Doing business as usual would probably be the worst solution for the years to come. COVID-19 has shown us what sacrificing sustainability (for instance, the loss of biodiversity) for immediate profit can provoke. And it is nothing compared to what is forecast by climate experts. Thanks to its strong academic sector and its research institutes, the Vietnamese government is already aware of this, and it is now time to turn this knowledge into action.
On a very concrete aspect, one point to definitely improve would be to support the investor community by easing the deliverance of visas for foreign investors and experts. The image of Vietnam worldwide is already good, but I am sure it would become excellent if this stage was not so complex.
Federico Vasoli - Lawyer and managing partner, dMTV Global
In the wake of the pandemic, whilst making predictions has become extremely difficult, the need of diversified supply chains that do not rely entirely on one source (typically China) is evident. Vietnam is therefore very well positioned in attracting more foreign investment, particularly considering Prime Minister Nguyen Xuan Phuc’s plan to boost infrastructure, IT, and environmentally-friendly projects.
Our firm has been proudly assisting international businesses investing in Vietnam for over ten years and is present also in Singapore and Malta, hence we can humbly provide a global view.
Imitating some of these jurisdictions’ best practices could further help boost Vietnam’s attractiveness. For instance, more favourable taxation (only of locally sourced income), elimination of excessive bureaucracy (reduction of documents which need to be notarised, for example), and an even wider use of English in public administration, as well as closer partnership with the EU and the ASEAN Economic Community would help in those cases where Vietnam alone cannot entirely replace other destinations.
The human capital is there: foreigners truly admire the Vietnamese people’s ambition and resilience. A small effort on the ecosystem, in terms of infrastructure, procedures, technology, taxation, and bureaucracy, could do the trick.
Jack Nguyen - Partner, Mazars
Vietnam’s desire to move more to high-quality foreign investment is a natural evolution of a developing economy as it matures. It is imperative that the country starts attracting high quality investment, particularly in the manufacturing sector.

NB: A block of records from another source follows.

lemma pinv_mat_penrose_full_row_rank:
  fixes B Gi :: "real mat"
  assumes B: "B \<in> carrier_mat k n" and Gi: "Gi \<in> carrier_mat k k"
    and inv: "B * transpose_mat B * Gi = 1\<^sub>m k"
  shows "pinv_mat B \<in> carrier_mat n k" and "B * pinv_mat B * B = B"
    and "transpose_mat (pinv_mat B * B) = pinv_mat B * B"
proof -
  have Bt: "transpose_mat B \<in> carrier_mat n k"
    using B by simp
  have "transpose_mat (B * transpose_mat B) = B * transpose_mat B"
    using transpose_mult[OF B Bt] by simp
  then have Gi_sym: "transpose_mat Gi = Gi"
    using B by (intro transpose_inverse_of_symmetric[OF _ Gi _ inv]) auto
  define X0 where "X0 = transpose_mat B * Gi"
  have X0: "X0 \<in> carrier_mat n k"
    using Bt Gi by (simp add: X0_def)
  have BX0: "B * X0 = 1\<^sub>m k"
    using assoc_mult_mat[OF B Bt Gi] inv by (simp add: X0_def)
  have "transpose_mat (X0 * B) = X0 * B"
    using transpose_mult[OF X0 B] transpose_mult[OF Bt Gi] Gi_sym assoc_mult_mat[OF Bt Gi B]
    by (simp add: X0_def)
  moreover have "X0 * B * X0 = X0"
    using assoc_mult_mat[OF X0 B X0] X0 by (simp add: BX0)
  ultimately have "\<exists>X. X \<in> carrier_mat (dim_col B) (dim_row B) \<and> B * X * B = B \<and> X * B * X = X \<and>
      transpose_mat (B * X) = B * X \<and> transpose_mat (X * B) = X * B"
    using B X0 BX0 by (intro exI[of _ X0]) simp
  from someI_ex[OF this] show "pinv_mat B \<in> carrier_mat n k" and "B * pinv_mat B * B = B"
    and "transpose_mat (pinv_mat B * B) = pinv_mat B * B"
    using B unfolding pinv_mat_def by auto
qed

lemma penrose_projection_full_row_rank:
  fixes B X Gi :: "real mat"
  assumes B: "B \<in> carrier_mat k n" and X: "X \<in> carrier_mat n k" and Gi: "Gi \<in> carrier_mat k k"
    and inv: "Gi * (B * transpose_mat B) = 1\<^sub>m k"
    and BXB: "B * X * B = B" and sym: "transpose_mat (X * B) = X * B"
  shows "X * B = transpose_mat B * Gi * B"
proof -
  define P where "P = transpose_mat B * Gi * B"
  have Bt: "transpose_mat B \<in> carrier_mat n k" and Xt: "transpose_mat X \<in> carrier_mat k n"
    using B X by auto
  \<comment> \<open>both sides are the orthogonal projection onto the row space of B\<close>
  have "P * (X * B) = transpose_mat B * Gi * (B * X * B)"
    using assoc_mult_mat[OF mult_carrier_mat[OF Bt Gi] B mult_carrier_mat[OF X B]]
      assoc_mult_mat[OF B X B] by (simp add: P_def)
  then have P_XB: "P * (X * B) = P"
    unfolding BXB P_def .
  have XB: "X * B = transpose_mat B * transpose_mat X"
    using sym transpose_mult[OF X B] by simp
  have "P * (X * B) = (transpose_mat B * Gi) * (B * (transpose_mat B * transpose_mat X))"
    unfolding P_def XB by (rule assoc_mult_mat[OF mult_carrier_mat[OF Bt Gi] B mult_carrier_mat[OF Bt Xt]])
  also have "\<dots> = transpose_mat B * (Gi * (B * (transpose_mat B * transpose_mat X)))"
    by (rule assoc_mult_mat[OF Bt Gi mult_carrier_mat[OF B mult_carrier_mat[OF Bt Xt]]])
  also have "B * (transpose_mat B * transpose_mat X) = (B * transpose_mat B) * transpose_mat X"
    by (rule assoc_mult_mat[OF B Bt Xt, symmetric])
  also have "Gi * ((B * transpose_mat B) * transpose_mat X) = transpose_mat X"
    using assoc_mult_mat[OF Gi mult_carrier_mat[OF B Bt] Xt, symmetric] Xt by (simp add: inv)
  finally have "P * (X * B) = X * B"
    unfolding XB .
  with P_XB show ?thesis
    by (simp add: P_def)
qed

Government efforts to promote this is a positive step in the right direction. Whereas in the past,Vietnam would welcome just about any kind of investment, it was usually in the form of small-scale, low-tech projects and sometimes not environmentally friendly. Typically high quality investments would be those that can be part of the global supply chain, provide training and development to its work force, and ideally be environmentally friendly.

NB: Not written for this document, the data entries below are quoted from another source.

lemma jacobi_spectrum_count_dominant:
  assumes ab: "a \<le> b" and dom: "\<forall>n\<in>{a..b}. 2 \<le> \<bar>d n - E\<bar>"
  shows "card {r \<in> jacobi_spectrum d a b. r < E} = card {n \<in> {a..b}. d n < E}"
    and "E \<notin> jacobi_spectrum d a b"
proof -
  define N where "N = nat (b - a + 1)"
  define e where "e = interval_diag d a b"
  have dom_e: "\<forall>j<N. 2 \<le> \<bar>e j - E\<bar>"
  proof (intro allI impI)
    fix j assume "j < N"
    then have "a + int j \<in> {a..b}" "e j = d (a + int j)"
      unfolding N_def e_def interval_diag_def by auto
    then show "2 \<le> \<bar>e j - E\<bar>" using dom by simp
  qed
  have "card {j. j < N \<and> e j < E} = card {n \<in> {a..b}. d n < E}"
  proof -
    have "{n \<in> {a..b}. d n < E} = (\<lambda>j. a + int j) ` {j. j < N \<and> e j < E}"
    proof (intro set_eqI iffI)
      fix n assume n: "n \<in> {n \<in> {a..b}. d n < E}"
      then have "nat (n - a) \<in> {j. j < N \<and> e j < E}"
        unfolding N_def e_def interval_diag_def by auto
      moreover have "n = a + int (nat (n - a))" using n by auto
      ultimately show "n \<in> (\<lambda>j. a + int j) ` {j. j < N \<and> e j < E}" by blast
    qed (auto simp: N_def e_def interval_diag_def)
    moreover have "inj (\<lambda>j. a + int j)" by (auto simp: inj_on_def)
    ultimately show ?thesis by (simp add: card_image inj_on_subset)
  qed
  then show "card {r \<in> jacobi_spectrum d a b. r < E} = card {n \<in> {a..b}. d n < E}"
    using jacobi_count_dominant[OF interval_diag_bounded dom_e[unfolded e_def]] ab
    unfolding jacobi_count_def jacobi_spectrum_eq_roots[OF ab] e_def N_def by simp
  show "E \<notin> jacobi_spectrum d a b"
    using jacobi_poly_dominant[OF dom_e, of N] ab
    unfolding jacobi_spectrum_eq_roots[OF ab] jacobi_roots_def e_def N_def by simp
qed

lemma jacobi_eigvec_normalized:
  assumes "E \<in> jacobi_spectrum d a b"
  obtains \<psi> where "jacobi_eigvec d a b E \<psi>" "(\<Sum>n=a..b. (\<psi> n)^2) = 1" "0 \<le> \<psi> 0"
proof -
  obtain \<phi> where zero: "\<forall>n. n \<notin> {a..b} \<longrightarrow> \<phi> n = 0" and nz: "\<exists>n. \<phi> n \<noteq> 0"
    and eq: "\<forall>n\<in>{a..b}. - \<phi> (n + 1) - \<phi> (n - 1) + d n * \<phi> n = E * \<phi> n"
    using assms unfolding jacobi_spectrum_def jacobi_eigvec_def by blast
  define s where "s = (\<Sum>n=a..b. (\<phi> n)^2)"
  obtain n0 where n0: "\<phi> n0 \<noteq> 0" using nz by blast
  then have "n0 \<in> {a..b}" using zero by blast
  then have "(\<phi> n0)^2 \<le> s" unfolding s_def by (intro member_le_sum) auto
  then have s: "0 < s" using n0 by (smt (verit) zero_less_power2)
  define c where "c = (if 0 \<le> \<phi> 0 then 1 else -1) / sqrt s"
  have c: "c \<noteq> 0" "c^2 = 1 / s" unfolding c_def using s by (auto simp: power_divide)
  show thesis
  proof (rule that[of "\<lambda>n. c * \<phi> n"])
    show "jacobi_eigvec d a b E (\<lambda>n. c * \<phi> n)"
      unfolding jacobi_eigvec_def using zero nz eq c by (auto simp: algebra_simps)
    have "(\<Sum>n=a..b. (c * \<phi> n)^2) = c^2 * s" unfolding s_def
      by (simp add: power_mult_distrib sum_distrib_left)
    then show "(\<Sum>n=a..b. (c * \<phi> n)^2) = 1" using c s by simp
    show "0 \<le> c * \<phi> 0" unfolding c_def using s by (simp add: zero_le_mult_iff)
  qed
qed

lemma abs_le_one_of_sum_squares:
  fixes \<psi> :: "int \<Rightarrow> real"
  assumes "\<forall>n. n \<notin> {a..b} \<longrightarrow> \<psi> n = 0" "(\<Sum>n=a..b. (\<psi> n)^2) = 1"
  shows "\<bar>\<psi> n\<bar> \<le> 1"
proof (cases "n \<in> {a..b}")
  case True
  then have "(\<psi> n)^2 \<le> (\<Sum>n=a..b. (\<psi> n)^2)" by (intro member_le_sum) auto
  then show ?thesis using assms(2) by (simp add: abs_square_le_1)
qed (use assms(1) in simp)

lemma sum_abs_shift_le:
  fixes \<psi> :: "int \<Rightarrow> real"
  assumes zero: "\<forall>n. n \<notin> {a..b} \<longrightarrow> \<psi> n = 0" and A: "A \<subseteq> {a..b}"
  shows "(\<Sum>n\<in>A. \<bar>\<psi> (n + s)\<bar>) \<le> (\<Sum>n\<in>{a..b}. \<bar>\<psi> n\<bar>)"
proof -
  have finA: "finite A" using A finite_subset by blast
  have "(\<Sum>n\<in>A. \<bar>\<psi> (n + s)\<bar>) = (\<Sum>m\<in>(\<lambda>n. n + s) ` A. \<bar>\<psi> m\<bar>)"
    by (simp add: sum.reindex inj_on_def)
  also have "\<dots> = (\<Sum>m\<in>(\<lambda>n. n + s) ` A \<inter> {a..b}. \<bar>\<psi> m\<bar>)"
    by (rule sum.mono_neutral_right) (use zero finA in auto)
  also have "\<dots> \<le> (\<Sum>n\<in>{a..b}. \<bar>\<psi> n\<bar>)"
    by (rule sum_mono2) auto
  finally show ?thesis .
qed

lemma jacobi_eigvec_site_bound:
  assumes "jacobi_eigvec d a b E \<psi>" "n \<in> {a..b}" "\<Lambda> / 2 \<le> \<bar>d n - E\<bar>" "0 < \<Lambda>"
  shows "\<bar>\<psi> n\<bar> \<le> 2 / \<Lambda> * (\<bar>\<psi> (n + 1)\<bar> + \<bar>\<psi> (n - 1)\<bar>)"
proof -
  have "(d n - E) * \<psi> n = \<psi> (n + 1) + \<psi> (n - 1)"
    using assms(1,2) unfolding jacobi_eigvec_def by (auto simp: algebra_simps)
  then have "\<bar>d n - E\<bar> * \<bar>\<psi> n\<bar> \<le> \<bar>\<psi> (n + 1)\<bar> + \<bar>\<psi> (n - 1)\<bar>"
    by (metis abs_mult abs_triangle_ineq)
  moreover have "\<Lambda> / 2 * \<bar>\<psi> n\<bar> \<le> \<bar>d n - E\<bar> * \<bar>\<psi> n\<bar>"
    using assms(3) by (intro mult_right_mono) auto
  ultimately show ?thesis using assms(4) by (simp add: field_simps)
qed

lemma jacobi_eigvec_off_site_mass:
  assumes ab: "0 \<in> {a..b}" and ev: "jacobi_eigvec d a b E \<psi>" and norm: "(\<Sum>n=a..b. (\<psi> n)^2) = 1"
    and L16: "16 \<le> \<Lambda>" and gap: "\<forall>n\<in>{a..b}. n \<noteq> 0 \<longrightarrow> \<Lambda> / 2 \<le> \<bar>d n - E\<bar>"
  shows "(\<Sum>n\<in>{a..b} - {0}. \<bar>\<psi> n\<bar>) \<le> 8 / \<Lambda>"
proof -
  define A where "A = {a..b} - {0}"
  define W where "W = (\<Sum>n\<in>A. \<bar>\<psi> n\<bar>)"
  have zero: "\<forall>n. n \<notin> {a..b} \<longrightarrow> \<psi> n = 0" using ev unfolding jacobi_eigvec_def by blast
  have W0: "0 \<le> W" unfolding W_def by (simp add: sum_nonneg)
  have total: "(\<Sum>n\<in>{a..b}. \<bar>\<psi> n\<bar>) \<le> W + 1"
    using abs_le_one_of_sum_squares[OF zero norm, of 0] ab
    unfolding W_def A_def by (simp add: sum.remove[of "{a..b}" 0])
  have site: "\<bar>\<psi> n\<bar> \<le> 2 / \<Lambda> * (\<bar>\<psi> (n + 1)\<bar> + \<bar>\<psi> (n + -1)\<bar>)" if "n \<in> A" for n
    using jacobi_eigvec_site_bound[OF ev, of n \<Lambda>] gap L16 that unfolding A_def by simp
  have "W \<le> (\<Sum>n\<in>A. 2 / \<Lambda> * (\<bar>\<psi> (n + 1)\<bar> + \<bar>\<psi> (n + -1)\<bar>))"
    unfolding W_def using site by (rule sum_mono)
  also have "\<dots> = 2 / \<Lambda> * ((\<Sum>n\<in>A. \<bar>\<psi> (n + 1)\<bar>) + (\<Sum>n\<in>A. \<bar>\<psi> (n + -1)\<bar>))"
    by (simp only: sum.distrib[symmetric] sum_distrib_left)
  also have "\<dots> \<le> 2 / \<Lambda> * (2 * W + 2)"
    using sum_abs_shift_le[OF zero, of A 1] sum_abs_shift_le[OF zero, of A "-1"] total L16
    by (intro mult_left_mono) (auto simp: A_def)
  finally have "\<Lambda> * W \<le> 4 * W + 4" using L16 by (simp add: field_simps)
  moreover have "W * (\<Lambda> / 2) \<le> W * (\<Lambda> - 4)" using L16 W0 by (intro mult_left_mono) auto
  ultimately have "W * \<Lambda> \<le> 8" by (simp add: algebra_simps)
  then show ?thesis using L16 unfolding W_def A_def by (simp add: field_simps)
qed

My suggestion is to attract funding from countries that are well-developed already, that have global best practices in industries relevant to Vietnam, and that invest in high-tech research and development.
Ong Tiong Hooi - Partner of Transaction Services, PwC Vietnam
Much has developed in recent years to make Vietnam an attractive market for investors. We see continuous improvements in the legal and regulatory framework including the development of the country’s first Corporate Governance Code.
However, many foreign investors still have concerns. These include the speed of approvals and clarity in approval processes by regulatory authorities; easing of dividend restrictions when remitting funds abroad and converting VND into foreign currencies; and statutory audits on all companies (not just foreign-invested, state-owned, and listed entities) so that financial statements can be relied upon.
Vietnam has demonstrated its ability in keeping its citizens safe during the recent pandemic. What the country needs to demonstrate globally now is that Vietnam can create a safe and favourable investment destination for its investors.